During the 1980s the Bulgarian Communist government started a process of forceful assimilation of the Turkish minority, known as the "Revival Process", which triggered a series of terror acts in the whole country. The SOMP was directly involved in countering them and apprehending the perpetrators. In May 1986 the unit was reorganized. The name was changed from Specialized Operational Militia Unit to Specialized Unit for Combating Terrorism (Bulgarian: Специално поделение за борба с тероризма (SPBT)).

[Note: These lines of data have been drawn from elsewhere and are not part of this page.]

(* For every integer $d\ge 1$ there exists a constant $C_d>0$ such that for all $n\ge 1$ and all $A=\sum_{\mathbf{s}\in\{0,1,2,3\}^n,\ |\mathbf{s}|\le d}\widehat{A}_{\mathbf{s}}\,\sigma_{\mathbf{s}}\in M_2(\mathbb{C})^{\otimes n}$ of degree at most $d$, \[ \Big(\sum_{|\mathbf{s}|\le d}|\widehat{A}_{\mathbf{s}}|^{\frac{2d}{d+1}}\Big)^{\frac{d+1}{2d}}\le C_d\,\|A\|, \] where $\|A\|$ is the operator norm. Moreover, one can take $C_d\le 3^d\,\mathrm{BH}^{\le d}_{\{\pm1\}}$.
   Context: Pauli matrices: $\sigma_0=I_2$, $\sigma_1=\begin{pmatrix}0&1\\1&0\end{pmatrix}$, $\sigma_2=\begin{pmatrix}0&-i\\ i&0\end{pmatrix}$, $\sigma_3=\begin{pmatrix}1&0\\0&-1\end{pmatrix}$. For $\mathbf{s}=(s_1,\dots,s_n)\in\{0,1,2,3\}^n$, $\sigma_{\mathbf{s}}=\sigma_{s_1}\otimes\cdots\otimes\sigma_{s_n}$; these form a basis of $M_2(\mathbb{C})^{\otimes n}$, so every $A$ has a unique expansion $A=\sum_{\mathbf{s}}\widehat{A}_{\mathbf{s}}\sigma_{\mathbf{s}}$. $|\mathbf{s}|$ denotes the number of nonzero entries of $\mathbf{s}$; $A$ is of degree $d$ if $\widehat{A}_{\mathbf{s}}=0$ whenever $|\mathbf{s}|>d$. For a function $f:\{-1,1\}^m\to\mathbb{C}$ write $f=\sum_{S\subset[m]}\widehat f(S)\chi_S$ with $\chi_S(x)=\prod_{j\in S}x_j$; $f$ has degree $d$ if $\widehat f(S)=0$ for $|S|>d$. $\mathrm{BH}^{\le d}_{\{\pm1\}}$ denotes the best constant $C$ such that for all $m\ge1$ and all $f:\{-1,1\}^m\to\mathbb{C}$ of degree $d$, $\big(\sum_{|S|\le d}|\widehat f(S)|^{\frac{2d}{d+1}}\big)^{\frac{d+1}{2d}}\le C\|f\|_\infty$ (this constant is known to be finite, indeed at most $C^{\sqrt{d\log d}}$ for an absolute $C$, by Defant–Mastyło–Pérez). *)

theory Defs
  imports "HOL-Analysis.Analysis"
begin
text \<open>Write \<open>m = N - x\<close> and \<open>D\<^sub>n\<close> for the number of derangements of an \<open>n\<close>-set.
  Conditioned on its fixed-point set, a uniform permutation is a uniform derangement of the
  remaining \<open>m\<close> points, and double counting 2-cycles gives
  \<open>p(x) = C(m,2) D\<^sub>m\<^sub>-\<^sub>2 / D\<^sub>m\<close>. The recurrence \<open>D\<^sub>n\<^sub>+\<^sub>1 = (n+1) D\<^sub>n + (-1)\<^sup>n\<^sup>+\<^sup>1\<close>,
  applied twice, yields \<open>m(m-1) D\<^sub>m\<^sub>-\<^sub>2 - D\<^sub>m = \<plusminus>(m-1)\<close>, so
  \<open>|2p(x) - 1| = (m-1)/D\<^sub>m\<close>, and \<open>D\<^sub>m \<ge> (m-1)!\<close> finishes the bound.\<close>

definition derangements :: "'a set \<Rightarrow> ('a \<Rightarrow> 'a) set" where
  "derangements S = {\<pi>. \<pi> permutes S \<and> (\<forall>x\<in>S. \<pi> x \<noteq> x)}"

definition derangement_number :: "nat \<Rightarrow> nat" where
  "derangement_number n = card (derangements {..<n})"

lemma finite_derangements: "finite S \<Longrightarrow> finite (derangements S)"
  unfolding derangements_def
  by (rule finite_subset[OF _ finite_permutations[of S]]) auto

It was also taken out of the regional militia department of Sofia and subordinated to the Department "Terror", 6th Directorate of the Committee for State Security. The internal structure was also overhauled. The previous 3 assault companies, 1 signals platoon, and 1 support group were reshuffled into 4 identical operational combat detachments. Each detachment was made up of 3 sections and each section was made up of 12 operatives. This new internal organization enabled the continuous readiness of the unit. Under the new operational regimen, the detachments rotated in 24-hour shifts. A stand-by shift was followed by 48 hours of rest and recuperation and a training shift of 24 hours after which the detachment went into a 24-hour stand-by shift a so on.

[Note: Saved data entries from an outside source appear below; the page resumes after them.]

lemma local_mod_if_local_mod_span_insert:
  fixes S :: "('a::field^'n^'m) set" and F :: "'a^'n^'m \<Rightarrow> 'a^'m" and Y :: "('a^'m) set"
  assumes S: "mat.subspace S" and Y: "vec.subspace Y"
    and y1: "outer_prod y1 (axis j 1) \<notin> plus_maps_into S Y"
    and extend: "\<And>y. outer_prod y (axis j 1) \<notin> plus_maps_into S Y
      \<Longrightarrow> \<exists>x. \<forall>s\<in>S. F s - s *v x \<in> vec.span (insert y Y)"
    and codim: "mat.dim (UNIV :: ('a^'n^'m) set) + vec.dim Y + 2
      \<le> mat.dim (plus_maps_into S Y) + vec.dim (UNIV :: ('a^'m) set)"
  shows "\<exists>x. \<forall>s\<in>S. F s - s *v x \<in> Y"
proof -
  have T: "mat.subspace (plus_maps_into S Y)" by (rule subspace_plus_maps_into[OF S Y])
  define Y1 where "Y1 = vec.span (insert y1 Y)"
  have "mat.dim (plus_maps_into S Y) < mat.dim (UNIV :: ('a^'n^'m) set)"
    using y1 mat.subspace_eq_UNIV_iff_dim_le[OF T] by auto
  moreover have "vec.dim Y1 = vec.dim Y + 1"
    using dim_plus_maps_into_span_insert(1)[OF S Y y1]
    by (simp add: Y1_def vec.dim_insert vec.span_eq_iff[THEN iffD2, OF Y])
  ultimately obtain w where "w \<notin> Y1"
    using codim vec.subspace_eq_UNIV_iff_dim_le[of Y1] by (fastforce simp: Y1_def)
  then obtain y2 where y2: "y2 \<notin> Y1" and y2_out: "outer_prod y2 (axis j 1) \<notin> plus_maps_into S Y"
    using obtain_outer_prod_axis_not_in[OF T y1] vec.span_base[of y1 "insert y1 Y"]
    unfolding Y1_def by blast
  obtain x1 where x1: "\<forall>s\<in>S. F s - s *v x1 \<in> Y1" using extend[OF y1] unfolding Y1_def ..
  obtain x2 where x2: "\<forall>s\<in>S. F s - s *v x2 \<in> vec.span (insert y2 Y)" using extend[OF y2_out] ..
  have "mat.dim (UNIV :: ('a^'n^'m) set) + vec.dim Y + 2
      < mat.dim (plus_maps_into S Y1) + vec.dim (UNIV :: ('a^'m) set)"
    using codim dim_plus_maps_into_span_insert(2)[OF S Y y1] unfolding Y1_def by linarith
  then show ?thesis
    using local_mod_if_local_mod_span_insert_both[OF S Y _ x1[unfolded Y1_def] x2] y2
    unfolding Y1_def by blast
qed

lemma local_mod_if_codim:
  fixes S :: "('a::field^'n^'m) set" and F :: "'a^'n^'m \<Rightarrow> 'a^'m" and Y :: "('a^'m) set"
  assumes S: "mat.subspace S" and F_add: "\<forall>u\<in>S. \<forall>v\<in>S. F (u + v) = F u + F v"
    and "vec.subspace Y"
    and "mat.dim (UNIV :: ('a^'n^'m) set) + vec.dim Y + 2
      \<le> mat.dim (plus_maps_into S Y) + vec.dim (UNIV :: ('a^'m) set)"
    and "\<forall>s\<in>S. \<exists>w. F s - s *v w \<in> Y"
  shows "\<exists>x. \<forall>s\<in>S. F s - s *v x \<in> Y"
  using assms(3-5)
proof (induction "vec.dim (UNIV :: ('a^'m) set) - vec.dim Y" arbitrary: Y rule: less_induct)
  case less
  note Y = less.prems(1) and codim = less.prems(2) and rc = less.prems(3)
  have T: "mat.subspace (plus_maps_into S Y)" by (rule subspace_plus_maps_into[OF S Y])
  have dim_T: "mat.dim (plus_maps_into S Y) \<le> mat.dim (UNIV :: ('a^'n^'m) set)"
    by (rule mat.dim_subset) simp
  show ?case
  proof (cases "plus_maps_into S Y = UNIV")
    case True
    then show ?thesis
      using local_mod_if_plus_maps_into_eq_UNIV[OF S Y F_add True rc] codim dim_T by simp
  next
    case False
    then obtain y1 j where y1: "outer_prod y1 (axis j 1) \<notin> plus_maps_into S Y"
      using mat_subspace_eq_UNIV_if_outer_prods[OF T] by blast
    show ?thesis
    proof (rule local_mod_if_local_mod_span_insert[OF S Y y1 _ codim])
      fix y assume y: "outer_prod y (axis j 1) \<notin> plus_maps_into S Y"
      note dim_T' = dim_plus_maps_into_span_insert(2)[OF S Y y]
      have dim_Y': "vec.dim (vec.span (insert y Y)) = vec.dim Y + 1"
        using dim_plus_maps_into_span_insert(1)[OF S Y y]
        by (simp add: vec.dim_insert vec.span_eq_iff[THEN iffD2, OF Y])
      show "\<exists>x. \<forall>s\<in>S. F s - s *v x \<in> vec.span (insert y Y)"
      proof (rule less.hyps)
        show "vec.dim (UNIV :: ('a^'m) set) - vec.dim (vec.span (insert y Y))
            < vec.dim (UNIV :: ('a^'m) set) - vec.dim Y"
          using codim dim_T dim_T' dim_Y' by linarith
        show "mat.dim (UNIV :: ('a^'n^'m) set) + vec.dim (vec.span (insert y Y)) + 2
            \<le> mat.dim (plus_maps_into S (vec.span (insert y Y))) + vec.dim (UNIV :: ('a^'m) set)"
          using codim dim_T' dim_Y' by linarith
        show "\<forall>s\<in>S. \<exists>w. F s - s *v w \<in> vec.span (insert y Y)"
          using rc vec.span_superset by blast
      qed (rule vec.subspace_span)
    qed
  qed
qed

section \<open>From subspaces to subgroups\<close>

lemma local_if_codim:
  fixes S :: "('a::field^'n^'m) set" and F :: "'a^'n^'m \<Rightarrow> 'a^'m"
  assumes S: "mat.subspace S" and F_add: "\<forall>u\<in>S. \<forall>v\<in>S. F (u + v) = F u + F v"
    and F_rc: "range_compatible S F"
    and codim: "mat.dim (UNIV :: ('a^'n^'m) set) + 2 \<le> mat.dim S + vec.dim (UNIV :: ('a^'m) set)"
  shows "\<exists>x. \<forall>s\<in>S. F s = s *v x"
proof -
  have "\<forall>s\<in>S. \<exists>w. F s - s *v w \<in> {0}" using F_rc unfolding range_compatible_def by auto
  then obtain x where "\<forall>s\<in>S. F s - s *v x \<in> {0}"
    using local_mod_if_codim[OF S F_add vec.subspace_single_0] codim
    by (auto simp: plus_maps_into_zero)
  then show ?thesis by auto
qed

lemma eq_if_mult_vec_eq_on_subspace:
  fixes S :: "('a::field^'n^'m) set"
  assumes codim: "mat.dim (UNIV :: ('a^'n^'m) set) < mat.dim S + vec.dim (UNIV :: ('a^'m) set)"
    and eq: "\<forall>s\<in>S. s *v x = s *v x'"
  shows "x = x'"
proof (rule ccontr)
  assume "x \<noteq> x'"
  then have z: "x - x' \<noteq> 0" by simp
  have "S \<subseteq> maps_sending (x - x') {0}"
    using eq by (auto simp: maps_sending_def matrix_vector_mult_diff_distrib)
  then have "mat.dim S \<le> mat.dim (maps_sending (x - x') {0} :: ('a^'n^'m) set)"
    by (rule mat.dim_subset)
  moreover have "vec.dim ({0} :: ('a^'m) set) = 0" by simp
  ultimately show False
    using dim_maps_sending[of "x - x'" "{0} :: ('a^'m) set", OF z vec.subspace_single_0] codim
    by linarith
qed

lemma extension_value_in_range:
  assumes T: "additive_subgroup T" and S: "mat.subspace S" and S_T: "S \<subseteq> T"
    and F_hom: "\<forall>s\<in>T. \<forall>t\<in>T. F (s + t) = F s + F t" and F_rc: "range_compatible T F"
    and x: "\<forall>s\<in>S. F s = s *v x" and t: "t \<in> T" and s: "s \<in> S"
  shows "s *v x + c *s F t \<in> range (\<lambda>w. (s + mat_scale c t) *v w)"
proof (cases "c = 0")
  case False
  define s' where "s' = mat_scale (1 / c) s"
  have s': "s' \<in> S" unfolding s'_def using s by (rule mat.subspace_scale[OF S])
  then have "t + s' \<in> T" using T t S_T unfolding additive_subgroup_def by blast
  then obtain w where w: "F (t + s') = (t + s') *v w" using F_rc unfolding range_compatible_def by blast
  have "s *v x + c *s F t = c *s (F t + s' *v x)"
    using False by (simp add: s'_def mat_scale_mult_vec vec_eq_iff algebra_simps)
  also have "\<dots> = c *s F (t + s')" using F_hom t s' S_T x by auto
  also have "\<dots> = mat_scale c (t + s') *v w" by (simp add: w mat_scale_mult_vec)
  also have "mat_scale c (t + s') = s + mat_scale c t"
    using False by (simp add: s'_def mat.scale_right_distrib)
  finally show ?thesis by auto
qed auto

lemma local_on_span_insert:
  fixes T S :: "('a::field^'n^'m) set" and F :: "'a^'n^'m \<Rightarrow> 'a^'m"
  assumes T: "additive_subgroup T" and S: "mat.subspace S" and S_T: "S \<subseteq> T"
    and F_hom: "\<forall>s\<in>T. \<forall>t\<in>T. F (s + t) = F s + F t" and F_rc: "range_compatible T F"
    and codim: "mat.dim (UNIV :: ('a^'n^'m) set) + 2 \<le> mat.dim S + vec.dim (UNIV :: ('a^'m) set)"
    and x: "\<forall>s\<in>S. F s = s *v x" and t: "t \<in> T" "t \<notin> S"
  shows "\<exists>x'. (\<forall>s\<in>S. s *v x = s *v x') \<and> F t = t *v x'"
proof -
  obtain coord where coord_S: "\<And>u. u \<in> mat.span (insert t S) \<Longrightarrow> u - mat_scale (coord u) t \<in> S"
    and coord_eq: "\<And>u c. u - mat_scale c t \<in> S \<Longrightarrow> coord u = c"
    and coord_add: "\<And>u v. u \<in> mat.span (insert t S) \<Longrightarrow> v \<in> mat.span (insert t S)
      \<Longrightarrow> coord (u + v) = coord u + coord v"
    by (rule mat.span_insert_coordinate[OF S t(2)]) blast
  txt \<open>The linear map on \<open>S + K t\<close> that agrees with \<open>x\<close> on \<open>S\<close> and sends \<open>t\<close> to \<open>F t\<close>.\<close>
  define H where "H u = (u - mat_scale (coord u) t) *v x + coord u *s F t" for u
  have H_add: "\<forall>u\<in>mat.span (insert t S). \<forall>v\<in>mat.span (insert t S). H (u + v) = H u + H v"
  proof (intro ballI)
    fix u v assume u: "u \<in> mat.span (insert t S)" and v: "v \<in> mat.span (insert t S)"
    have split: "u + v - mat_scale (coord u + coord v) t
        = (u - mat_scale (coord u) t) + (v - mat_scale (coord v) t)"
      by (simp add: mat.scale_left_distrib)
    show "H (u + v) = H u + H v"
      by (simp add: H_def coord_add[OF u v] split matrix_vector_mult_add_rdistrib vector_add_ldistrib)
  qed
  have H_rc: "range_compatible (mat.span (insert t S)) H"
    unfolding range_compatible_def
  proof
    fix u assume "u \<in> mat.span (insert t S)"
    from extension_value_in_range[OF T S S_T F_hom F_rc x t(1) coord_S[OF this], of "coord u"]
    show "H u \<in> range (\<lambda>w. u *v w)" by (simp add: H_def)
  qed
  have "mat.dim S \<le> mat.dim (mat.span (insert t S))"
    by (rule mat.dim_subset) (meson subset_insertI mat.span_superset order_trans)
  then have "mat.dim (UNIV :: ('a^'n^'m) set) + 2
      \<le> mat.dim (mat.span (insert t S)) + vec.dim (UNIV :: ('a^'m) set)"
    using codim by linarith
  from local_if_codim[OF mat.subspace_span H_add H_rc this]
  obtain x' where x': "\<forall>u\<in>mat.span (insert t S). H u = u *v x'" ..
  have "s *v x = s *v x'" if s: "s \<in> S" for s
  proof -
    have "H s = s *v x" using s coord_eq[of s 0] by (simp add: H_def)
    moreover have "s \<in> mat.span (insert t S)" using s by (simp add: mat.span_base)
    ultimately show ?thesis using x' by simp
  qed
  moreover have "F t = t *v x'"
  proof -
    have "H t = F t" using coord_eq[of t 1] mat.subspace_0[OF S] by (simp add: H_def)
    moreover have "t \<in> mat.span (insert t S)" by (simp add: mat.span_base)
    ultimately show ?thesis using x' by simp
  qed
  ultimately show ?thesis by blast
qed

After the Communist regime came down the Committee for State Security was disbanded and its directorates became separate services for intelligence, counterintelligence, combating organized crime, and close protection service for the state officials, etc. The unit was placed directly under the subordination of the Minister of the Interior.

In total 152 men are serving in the SOBT.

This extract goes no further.